Stored items:
○ ○ ○ ○ ○ ○ ○

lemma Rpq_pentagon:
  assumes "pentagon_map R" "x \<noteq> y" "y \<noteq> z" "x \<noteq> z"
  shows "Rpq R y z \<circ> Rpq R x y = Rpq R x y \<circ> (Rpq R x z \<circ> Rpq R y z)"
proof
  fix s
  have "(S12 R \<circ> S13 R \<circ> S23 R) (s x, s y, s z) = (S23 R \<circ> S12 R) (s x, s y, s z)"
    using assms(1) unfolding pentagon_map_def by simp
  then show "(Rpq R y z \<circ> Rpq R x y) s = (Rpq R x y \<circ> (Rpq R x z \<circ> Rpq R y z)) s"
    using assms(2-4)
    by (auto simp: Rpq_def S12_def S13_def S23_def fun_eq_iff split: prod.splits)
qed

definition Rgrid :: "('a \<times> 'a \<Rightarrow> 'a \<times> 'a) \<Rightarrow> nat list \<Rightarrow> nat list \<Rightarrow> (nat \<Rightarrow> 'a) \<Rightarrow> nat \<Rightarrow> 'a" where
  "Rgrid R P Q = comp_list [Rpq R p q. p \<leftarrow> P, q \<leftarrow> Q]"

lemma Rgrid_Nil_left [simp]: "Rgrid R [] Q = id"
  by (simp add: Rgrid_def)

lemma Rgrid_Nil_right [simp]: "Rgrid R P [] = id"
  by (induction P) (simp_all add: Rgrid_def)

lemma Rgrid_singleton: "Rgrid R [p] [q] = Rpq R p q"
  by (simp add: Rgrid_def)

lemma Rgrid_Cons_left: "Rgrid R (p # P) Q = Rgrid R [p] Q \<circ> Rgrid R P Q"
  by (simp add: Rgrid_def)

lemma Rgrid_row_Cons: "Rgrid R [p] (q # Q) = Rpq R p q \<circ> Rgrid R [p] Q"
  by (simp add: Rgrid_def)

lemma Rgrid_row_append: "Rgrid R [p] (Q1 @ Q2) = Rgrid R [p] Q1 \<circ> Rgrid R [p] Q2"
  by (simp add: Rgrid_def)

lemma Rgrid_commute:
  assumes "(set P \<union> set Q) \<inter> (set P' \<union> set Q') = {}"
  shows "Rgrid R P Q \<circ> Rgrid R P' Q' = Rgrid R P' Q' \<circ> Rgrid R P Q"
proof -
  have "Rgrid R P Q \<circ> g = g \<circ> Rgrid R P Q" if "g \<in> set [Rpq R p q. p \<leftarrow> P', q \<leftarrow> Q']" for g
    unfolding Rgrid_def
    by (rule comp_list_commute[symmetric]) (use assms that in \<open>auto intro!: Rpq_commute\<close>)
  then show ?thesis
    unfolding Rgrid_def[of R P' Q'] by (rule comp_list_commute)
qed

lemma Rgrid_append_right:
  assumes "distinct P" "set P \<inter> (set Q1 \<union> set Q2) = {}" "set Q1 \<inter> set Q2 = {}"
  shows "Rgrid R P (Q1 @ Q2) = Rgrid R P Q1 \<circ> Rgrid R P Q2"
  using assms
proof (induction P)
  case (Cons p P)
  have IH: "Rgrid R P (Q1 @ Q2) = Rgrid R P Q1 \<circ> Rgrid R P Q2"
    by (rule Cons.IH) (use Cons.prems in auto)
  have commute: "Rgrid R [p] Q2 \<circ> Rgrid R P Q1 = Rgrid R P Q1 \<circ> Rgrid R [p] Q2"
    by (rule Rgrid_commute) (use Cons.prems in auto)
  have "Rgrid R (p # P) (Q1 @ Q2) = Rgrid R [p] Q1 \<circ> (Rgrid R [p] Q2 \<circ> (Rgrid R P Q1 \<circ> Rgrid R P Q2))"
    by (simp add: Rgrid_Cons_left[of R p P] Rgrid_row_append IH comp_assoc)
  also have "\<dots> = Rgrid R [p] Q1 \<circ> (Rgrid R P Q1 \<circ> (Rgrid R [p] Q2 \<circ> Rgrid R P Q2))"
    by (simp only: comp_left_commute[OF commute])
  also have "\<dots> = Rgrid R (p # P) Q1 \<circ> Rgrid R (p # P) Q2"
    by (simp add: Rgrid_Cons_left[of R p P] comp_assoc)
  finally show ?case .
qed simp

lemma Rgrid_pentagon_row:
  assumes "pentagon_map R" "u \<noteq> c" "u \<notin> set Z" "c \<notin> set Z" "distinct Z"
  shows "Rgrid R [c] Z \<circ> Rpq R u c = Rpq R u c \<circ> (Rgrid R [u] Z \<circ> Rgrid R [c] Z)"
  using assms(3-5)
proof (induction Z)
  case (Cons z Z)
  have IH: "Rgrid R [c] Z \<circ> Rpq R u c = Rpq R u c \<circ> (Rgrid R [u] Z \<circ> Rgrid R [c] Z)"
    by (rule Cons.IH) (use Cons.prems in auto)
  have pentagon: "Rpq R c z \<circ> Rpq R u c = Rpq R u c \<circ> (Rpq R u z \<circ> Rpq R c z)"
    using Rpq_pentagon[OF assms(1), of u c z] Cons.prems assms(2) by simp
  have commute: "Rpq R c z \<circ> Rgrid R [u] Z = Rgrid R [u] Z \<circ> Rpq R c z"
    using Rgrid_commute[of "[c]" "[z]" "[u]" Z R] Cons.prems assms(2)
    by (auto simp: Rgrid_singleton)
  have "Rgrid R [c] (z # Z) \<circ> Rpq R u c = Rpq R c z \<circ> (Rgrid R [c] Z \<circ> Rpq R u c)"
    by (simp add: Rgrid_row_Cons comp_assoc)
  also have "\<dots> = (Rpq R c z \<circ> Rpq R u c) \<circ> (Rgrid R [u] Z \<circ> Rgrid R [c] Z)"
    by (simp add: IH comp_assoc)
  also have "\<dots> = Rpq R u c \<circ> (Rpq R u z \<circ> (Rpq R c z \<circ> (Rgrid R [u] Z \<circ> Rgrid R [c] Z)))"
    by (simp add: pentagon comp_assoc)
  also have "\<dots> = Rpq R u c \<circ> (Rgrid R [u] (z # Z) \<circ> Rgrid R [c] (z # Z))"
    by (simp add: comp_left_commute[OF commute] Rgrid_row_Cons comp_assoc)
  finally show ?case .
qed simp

○ ○ ○ ○ ○ ○ ○

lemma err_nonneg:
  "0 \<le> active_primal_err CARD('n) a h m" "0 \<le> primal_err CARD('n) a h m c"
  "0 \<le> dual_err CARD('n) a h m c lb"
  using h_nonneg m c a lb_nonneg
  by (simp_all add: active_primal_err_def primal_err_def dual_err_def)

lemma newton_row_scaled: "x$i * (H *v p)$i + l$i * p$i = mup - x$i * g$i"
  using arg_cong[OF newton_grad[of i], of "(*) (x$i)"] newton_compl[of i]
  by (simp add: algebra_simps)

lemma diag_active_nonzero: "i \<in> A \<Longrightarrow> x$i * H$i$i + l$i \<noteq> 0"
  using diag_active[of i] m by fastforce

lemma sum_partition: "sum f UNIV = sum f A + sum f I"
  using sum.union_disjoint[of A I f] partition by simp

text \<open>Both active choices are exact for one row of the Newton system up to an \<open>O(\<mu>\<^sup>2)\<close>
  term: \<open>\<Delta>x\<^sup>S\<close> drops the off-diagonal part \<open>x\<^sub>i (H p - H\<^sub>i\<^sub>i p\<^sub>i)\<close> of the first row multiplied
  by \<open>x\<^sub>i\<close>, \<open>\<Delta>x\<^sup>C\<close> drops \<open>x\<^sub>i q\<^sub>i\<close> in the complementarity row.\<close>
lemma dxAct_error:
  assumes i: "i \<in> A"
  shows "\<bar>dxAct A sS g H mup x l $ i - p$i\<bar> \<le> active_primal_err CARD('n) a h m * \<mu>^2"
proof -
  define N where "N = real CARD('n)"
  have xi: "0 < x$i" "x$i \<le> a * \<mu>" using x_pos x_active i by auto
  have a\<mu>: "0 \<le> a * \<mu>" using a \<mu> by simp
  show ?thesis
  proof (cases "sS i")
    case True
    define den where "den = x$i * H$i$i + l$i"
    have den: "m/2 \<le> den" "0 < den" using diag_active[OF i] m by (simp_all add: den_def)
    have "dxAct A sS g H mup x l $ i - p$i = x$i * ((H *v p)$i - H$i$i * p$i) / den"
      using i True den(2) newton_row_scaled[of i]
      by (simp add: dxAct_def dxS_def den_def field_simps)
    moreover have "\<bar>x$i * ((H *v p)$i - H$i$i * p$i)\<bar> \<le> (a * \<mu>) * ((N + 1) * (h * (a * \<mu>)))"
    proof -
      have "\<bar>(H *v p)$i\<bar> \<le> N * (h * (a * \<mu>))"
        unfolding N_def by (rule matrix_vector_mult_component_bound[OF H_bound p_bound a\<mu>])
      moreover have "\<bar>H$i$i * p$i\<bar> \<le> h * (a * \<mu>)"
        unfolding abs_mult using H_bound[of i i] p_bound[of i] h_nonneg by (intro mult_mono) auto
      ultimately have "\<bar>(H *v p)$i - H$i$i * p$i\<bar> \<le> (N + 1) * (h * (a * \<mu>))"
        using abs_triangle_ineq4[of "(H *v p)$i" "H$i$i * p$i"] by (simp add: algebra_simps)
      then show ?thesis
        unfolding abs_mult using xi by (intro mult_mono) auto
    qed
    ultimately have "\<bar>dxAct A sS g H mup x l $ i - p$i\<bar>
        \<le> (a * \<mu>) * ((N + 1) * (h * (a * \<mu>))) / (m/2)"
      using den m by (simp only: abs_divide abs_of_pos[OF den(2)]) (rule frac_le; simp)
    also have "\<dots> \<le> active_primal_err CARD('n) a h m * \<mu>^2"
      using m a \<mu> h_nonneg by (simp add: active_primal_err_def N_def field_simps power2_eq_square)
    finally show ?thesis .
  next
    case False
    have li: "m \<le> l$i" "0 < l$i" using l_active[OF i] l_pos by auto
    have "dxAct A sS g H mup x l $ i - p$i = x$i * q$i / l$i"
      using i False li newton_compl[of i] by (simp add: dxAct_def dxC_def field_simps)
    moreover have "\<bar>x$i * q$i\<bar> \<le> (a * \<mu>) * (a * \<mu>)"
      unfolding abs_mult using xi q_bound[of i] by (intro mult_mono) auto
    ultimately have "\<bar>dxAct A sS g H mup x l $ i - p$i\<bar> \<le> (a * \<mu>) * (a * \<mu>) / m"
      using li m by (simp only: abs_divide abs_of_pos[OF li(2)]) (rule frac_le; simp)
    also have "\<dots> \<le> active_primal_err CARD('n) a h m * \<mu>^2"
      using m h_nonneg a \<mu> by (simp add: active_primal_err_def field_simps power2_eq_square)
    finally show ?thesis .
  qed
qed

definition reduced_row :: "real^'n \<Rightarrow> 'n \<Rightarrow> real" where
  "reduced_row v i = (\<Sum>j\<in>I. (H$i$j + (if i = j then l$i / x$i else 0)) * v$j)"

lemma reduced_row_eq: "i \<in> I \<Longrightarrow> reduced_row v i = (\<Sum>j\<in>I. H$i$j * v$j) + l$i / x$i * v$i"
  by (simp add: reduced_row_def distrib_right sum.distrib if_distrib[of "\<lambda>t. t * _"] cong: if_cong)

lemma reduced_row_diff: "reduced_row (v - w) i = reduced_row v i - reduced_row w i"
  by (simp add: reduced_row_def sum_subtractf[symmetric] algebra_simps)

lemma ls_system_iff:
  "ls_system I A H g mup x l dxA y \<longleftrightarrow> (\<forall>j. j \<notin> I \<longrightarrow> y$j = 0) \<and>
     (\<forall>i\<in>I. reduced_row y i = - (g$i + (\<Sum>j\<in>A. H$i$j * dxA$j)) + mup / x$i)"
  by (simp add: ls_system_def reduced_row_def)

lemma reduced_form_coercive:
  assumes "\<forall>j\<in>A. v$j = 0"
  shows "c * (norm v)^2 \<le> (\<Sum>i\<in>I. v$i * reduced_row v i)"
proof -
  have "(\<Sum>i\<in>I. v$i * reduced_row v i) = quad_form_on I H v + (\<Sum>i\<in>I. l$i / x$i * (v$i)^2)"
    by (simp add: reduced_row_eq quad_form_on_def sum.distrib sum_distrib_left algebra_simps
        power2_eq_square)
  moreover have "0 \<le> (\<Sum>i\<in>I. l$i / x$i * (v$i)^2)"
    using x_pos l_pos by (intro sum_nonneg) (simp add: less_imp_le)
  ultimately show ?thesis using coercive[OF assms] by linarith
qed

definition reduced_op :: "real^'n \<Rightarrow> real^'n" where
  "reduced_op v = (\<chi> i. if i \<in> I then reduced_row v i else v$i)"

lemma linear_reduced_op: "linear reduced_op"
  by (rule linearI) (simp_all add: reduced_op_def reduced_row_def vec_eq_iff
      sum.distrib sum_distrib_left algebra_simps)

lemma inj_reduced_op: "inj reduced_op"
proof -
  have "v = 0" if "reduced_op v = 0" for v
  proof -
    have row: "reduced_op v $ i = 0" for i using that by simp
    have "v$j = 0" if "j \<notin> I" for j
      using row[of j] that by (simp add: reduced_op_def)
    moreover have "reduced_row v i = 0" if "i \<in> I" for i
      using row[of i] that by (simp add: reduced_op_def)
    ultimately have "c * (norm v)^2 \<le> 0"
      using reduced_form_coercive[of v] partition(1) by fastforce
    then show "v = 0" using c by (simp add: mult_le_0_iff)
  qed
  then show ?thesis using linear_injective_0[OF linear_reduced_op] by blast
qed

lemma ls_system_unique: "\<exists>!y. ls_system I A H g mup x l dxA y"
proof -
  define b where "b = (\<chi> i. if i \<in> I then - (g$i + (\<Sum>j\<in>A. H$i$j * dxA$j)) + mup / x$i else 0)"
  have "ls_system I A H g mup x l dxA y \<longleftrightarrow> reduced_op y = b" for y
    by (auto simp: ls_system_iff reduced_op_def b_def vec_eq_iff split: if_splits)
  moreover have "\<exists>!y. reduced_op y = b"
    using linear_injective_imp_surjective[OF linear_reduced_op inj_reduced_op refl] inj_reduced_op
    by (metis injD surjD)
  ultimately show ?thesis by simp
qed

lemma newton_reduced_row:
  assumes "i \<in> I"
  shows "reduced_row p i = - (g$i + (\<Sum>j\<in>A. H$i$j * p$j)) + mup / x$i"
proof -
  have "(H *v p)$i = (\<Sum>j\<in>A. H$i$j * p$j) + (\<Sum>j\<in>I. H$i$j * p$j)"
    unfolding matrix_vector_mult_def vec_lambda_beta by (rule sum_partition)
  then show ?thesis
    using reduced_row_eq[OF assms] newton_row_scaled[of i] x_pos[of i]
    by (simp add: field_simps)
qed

○ ○ ○ ○ ○ ○ ○

▶ _ABOUT THIS TASK_: Your answer should be a single number: the count of lines in the data that include the word "shows".

▶ _ANSWER SPACE_: 7